Add support for daskhubs in an existing cluster#

GCP#

Setting up dask nodepools with terraform can be done by adding the following to the cluster’s terraform config file:

# Setup a single node pool for dask workers.
#
# A not yet fully established policy is being developed about using a single
# node pool, see https://github.com/2i2c-org/infrastructure/issues/2687.
#
dask_nodes = {
  "n2-highmem-16" : {
    min : 0,
    max : 100,
    machine_type : "n2-highmem-16",
  },
}

This provisions a single n2-highmem-16 nodepool.

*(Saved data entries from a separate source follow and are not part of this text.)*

theorem theorem2p8:
  shows "expected_compacted_size \<in> O(\<lambda>n. real n / ln (real n))"
proof -
  have "eventually (\<lambda>n. exp 8 \<le> real n) at_top"
    by real_asymp
  then have "eventually (\<lambda>n. norm (expected_compacted_size n)
      \<le> norm (2 * sqrt (real n) + 40 * (real n / ln (real n)))) at_top"
  proof eventually_elim
    case (elim n)
    have "0 \<le> expected_compacted_size n"
      by (simp add: expected_compacted_size_def sum_nonneg)
    then show ?case
      using expected_compacted_size_le_log[OF elim]
        abs_ge_self[of "2 * sqrt (real n) + 40 * (real n / ln (real n))"] by simp
  qed
  then have "expected_compacted_size \<in> O(\<lambda>n. 2 * sqrt (real n) + 40 * (real n / ln (real n)))"
    by (rule landau_o.big_mono)
  also have "(\<lambda>n. 2 * sqrt (real n) + 40 * (real n / ln (real n))) \<in> O(\<lambda>n. real n / ln (real n))"
    by real_asymp
  finally show ?thesis .
qed

end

The reasons behind the choice of machine can be found in 2i2c-org/infrastructure#2687.

Tip

Don’t forget to run terraform plan and terraform apply for the new node pool to get created.

terraform plan -var-file projects/$CLUSTER_NAME.tfvars

terraform apply -var-file projects/$CLUSTER_NAME.tfvars

AWS#

We use eksctl with jsonnet to provision our kubernetes clusters on AWS, and we can configure a node group there for the dask pods to run onto.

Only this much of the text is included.